Crash-Stop Failures in Asynchronous Multiparty Session Types
Adam D. Barwell, Ping Hou, Nobuko Yoshida, Fangyi Zhou
TL;DR
This work extends asynchronous multiparty session types to model crash-stop failures in distributed systems by introducing crash branches in global and local types and a dedicated stop type for crashed endpoints. The framework supports optional reliability via a configurable set of reliable roles and preserves correctness-by-construction guarantees—safety, deadlock-freedom, and liveness—through a top-down design that links global specifications to local implementations. It provides a formal asynchronous calculus with crash-aware operational semantics and a corresponding type system, along with a comprehensive relationship between global-type reductions and configurations via projection and association theorems. A case study on Non-Blocking Atomic Commits demonstrates practical applicability to distributed transactions, while the discussion of alternatives and related work clarifies the design choices and scope. The results lay groundwork for further work on crash-recover models and broader failure modes in MPST-enabled distributed programming.
Abstract
Session types provide a typing discipline for message-passing systems.
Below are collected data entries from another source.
lemma wedge_norm_gradient_hatu_ge:
  fixes u :: "nat \<Rightarrow> 'a::euclidean_space \<Rightarrow> real"
  assumes grad: "\<And>m. GDERIV (u m) x :> N m"
    and \<gamma>: "0 < \<gamma>" "\<gamma> \<le> 1" and \<Xi>: "0 < \<Xi>" and lam0: "real q * \<Xi> \<le> lam0"
    and jk: "j < k" "k \<le> q"
    and transversal: "\<And>a. \<forall>i<k. 0 \<le> a i \<Longrightarrow> \<forall>i<k. u i x \<le> - 2 / \<Xi> \<longrightarrow> a i = 0 \<Longrightarrow>
        (\<Sum>i<k. a i) \<le> \<Xi> * wedge_norm (\<Sum>i<k. a i *\<^sub>R N i) (N k)"
    and hatu_ge: "- 1 / \<Xi> \<le> hatu \<eta> u \<gamma> lam0 j x"
  shows "\<exists>g. GDERIV (hatu \<eta> u \<gamma> lam0 j) x :> g \<and> 1 / \<Xi> \<le> wedge_norm g (N k)"
proof -
  have "real j * \<Xi> < real q * \<Xi>"
    using jk \<Xi> by simp
  then have "real j * \<Xi> < lam0"
    using lam0 by linarith
  moreover have "0 \<le> real j * \<Xi>"
    using \<Xi> by simp
  ultimately have lam0_pos: "0 < lam0"
    by linarith
  have j_small: "j / lam0 < 1 / \<Xi>"
    using \<open>real j * \<Xi> < lam0\<close> lam0_pos \<Xi> by (simp add: field_simps)
  obtain a where a_nonneg: "\<forall>i. 0 \<le> a i" and a_supp: "\<forall>i>j. a i = 0" and a_sum: "(\<Sum>i\<le>j. a i) = 1"
    and a_grad: "GDERIV (hatu \<eta> u \<gamma> lam0 j) x :> (\<Sum>i\<le>j. a i *\<^sub>R N i)"
    and a_active: "\<forall>i\<le>j. 0 < a i \<longrightarrow> hatu \<eta> u \<gamma> lam0 j x - j / lam0 \<le> u i x"
    using hatu_gradient_convex_combination[where u = u and N = N and k = j, OF grad \<gamma> lam0_pos]
    by blast
  have inactive: "a i = 0" if "u i x \<le> - 2 / \<Xi>" for i
  proof (rule ccontr)
    assume "a i \<noteq> 0"
    then have "i \<le> j" "0 < a i"
      using a_supp a_nonneg[rule_format, of i] by (auto simp: not_less[symmetric])
    then have "hatu \<eta> u \<gamma> lam0 j x - j / lam0 \<le> u i x"
      using a_active by blast
    then have "- 1 / \<Xi> - 1 / \<Xi> < u i x"
      using hatu_ge j_small by linarith
    then show False using that by simp
  qed
  have subset: "{..j} \<subseteq> {..<k}" using jk by auto
  have "(\<Sum>i<k. a i) = 1"
    unfolding a_sum[symmetric] by (rule sum.mono_neutral_right[OF _ subset]) (use a_supp in auto)
  moreover have "(\<Sum>i<k. a i *\<^sub>R N i) = (\<Sum>i\<le>j. a i *\<^sub>R N i)"
    by (rule sum.mono_neutral_right[OF _ subset]) (use a_supp in auto)
  ultimately have "1 \<le> \<Xi> * wedge_norm (\<Sum>i\<le>j. a i *\<^sub>R N i) (N k)"
    using transversal[of a] a_nonneg inactive by simp
  then show ?thesis
    using a_grad \<Xi> by (auto simp: field_simps)
qed

end

lemma GDERIV_aff: "GDERIV (aff N c) x :> N"
  unfolding aff_def[abs_def] gderiv_def
  by (auto intro!: derivative_eq_intros simp: inner_commute)

theorem lemma2p11:
  fixes N :: "nat \<Rightarrow> 'a::euclidean_space" and c :: "nat \<Rightarrow> real"
    and q :: nat and \<eta> :: "real \<Rightarrow> real" and \<Xi> :: real and \<Omega> :: "'a set"
  assumes dim: "DIM('a) \<ge> 3"
    and unit: "\<And>m. m \<le> q \<Longrightarrow> norm (N m) = 1"
    and Omega_def: "\<Omega> = {x. \<forall>m\<le>q. aff (N m) (c m) x \<le> 0}"
    and compact: "compact \<Omega>" and nonempty_int: "interior \<Omega> \<noteq> {}"
    and cond_a: "\<And>k. k \<le> q \<Longrightarrow>
        \<exists>x. aff (N k) (c k) x > 0 \<and> (\<forall>m\<le>q. m \<noteq> k \<longrightarrow> aff (N m) (c m) x \<le> 0)"
    and cond_c: "\<And>j k. j < k \<Longrightarrow> k \<le> q \<Longrightarrow>
        (\<exists>x\<in>\<Omega>. aff (N j) (c j) x = 0 \<and> aff (N k) (c k) x = 0) \<Longrightarrow> N j \<bullet> N k \<le> 0"
    and eta_smooth: "smooth_fun \<eta>"
    and eta_even: "\<And>t. \<eta> (- t) = \<eta> t"
    and eta_abs: "\<And>t. \<bar>t\<bar> \<ge> 1/2 \<Longrightarrow> \<eta> t = \<bar>t\<bar>"
    and eta_convex: "\<And>t. deriv (deriv \<eta>) t \<ge> 0"
    and Xi_pos: "\<Xi> > 0"
    and P: "\<And>k x a. 1 \<le> k \<Longrightarrow> k \<le> q \<Longrightarrow> x \<in> \<Omega> \<Longrightarrow>
        - 2 / \<Xi> \<le> aff (N k) (c k) x \<Longrightarrow> aff (N k) (c k) x \<le> 0 \<Longrightarrow>
        (\<forall>i<k. a i \<ge> 0) \<Longrightarrow> (\<forall>i<k. aff (N i) (c i) x \<le> - 2 / \<Xi> \<longrightarrow> a i = 0) \<Longrightarrow>
        (\<Sum>i<k. a i) \<le> \<Xi> * wedge_norm (\<Sum>i<k. a i *\<^sub>R N i) (N k)"
  shows "\<forall>\<gamma>. 0 < \<gamma> \<and> \<gamma> < 1/2 \<longrightarrow>
    (\<exists>lambar. \<forall>lam0. lam0 > 1 \<and> lam0 \<ge> lambar \<longrightarrow>
      (\<forall>j k x. j < k \<and> k \<le> q \<and> x \<in> \<Omega> \<and>
          - 1 / \<Xi> \<le> hatu \<eta> (\<lambda>m. aff (N m) (c m)) \<gamma> lam0 j x \<and>
          hatu \<eta> (\<lambda>m. aff (N m) (c m)) \<gamma> lam0 j x \<le> 0 \<and>
          - 1 / \<Xi> \<le> aff (N k) (c k) x \<and> aff (N k) (c k) x \<le> 0 \<longrightarrow>
        (\<exists>g. (GDERIV (hatu \<eta> (\<lambda>m. aff (N m) (c m)) \<gamma> lam0 j) x :> g) \<and>
             wedge_norm g (N k) \<ge> 1 / \<Xi>)))"
proof (intro allI impI exI[of _ "real q * \<Xi>"], elim conjE)
  fix \<gamma> lam0 :: real and j k :: nat and x :: 'a
  let ?u = "\<lambda>m. aff (N m) (c m)"
  interpret abs_smoothing \<eta> "deriv \<eta>"
    by (rule abs_smoothing_deriv[OF eta_smooth eta_convex eta_abs])
  assume "0 < \<gamma>" "\<gamma> < 1/2" "1 < lam0" "real q * \<Xi> \<le> lam0" "j < k" "k \<le> q" "x \<in> \<Omega>"
    "- 1 / \<Xi> \<le> hatu \<eta> ?u \<gamma> lam0 j x" "hatu \<eta> ?u \<gamma> lam0 j x \<le> 0"
    "- 1 / \<Xi> \<le> ?u k x" "?u k x \<le> 0"
  moreover have "- 2 / \<Xi> \<le> - 1 / \<Xi>"
    using Xi_pos by (simp add: divide_right_mono)
  ultimately show "\<exists>g. (GDERIV (hatu \<eta> ?u \<gamma> lam0 j) x :> g) \<and> 1 / \<Xi> \<le> wedge_norm g (N k)"
    using Xi_pos P[of k x] by (intro wedge_norm_gradient_hatu_ge[where q = q] GDERIV_aff) auto
qed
However, their theory often assumes an ideal world: one in which everything is reliable and without failures. Yet this is in stark contrast with distributed systems in the real world. To address this limitation, we introduce a new asynchronous multiparty session types (MPST) theory with crash-stop failures, where processes may crash arbitrarily and cease to interact after crashing. We augment asynchronous MPST and processes with crash handling branches, and integrate crash-stop failure semantics into types and processes. Our approach requires no user-level syntax extensions for global types, and features a formalisation of global semantics, which captures complex behaviours induced by crashed/crash handling processes. Our new theory covers the entire spectrum, ranging from the ideal world of total reliability to entirely unreliable scenarios where any process may crash, using optional reliability assumptions. Under these assumptions, we demonstrate the sound and complete correspondence between global and local type semantics, which guarantee deadlock-freedom, protocol conformance, and liveness of well-typed processes by construction, even in the presence of crashes.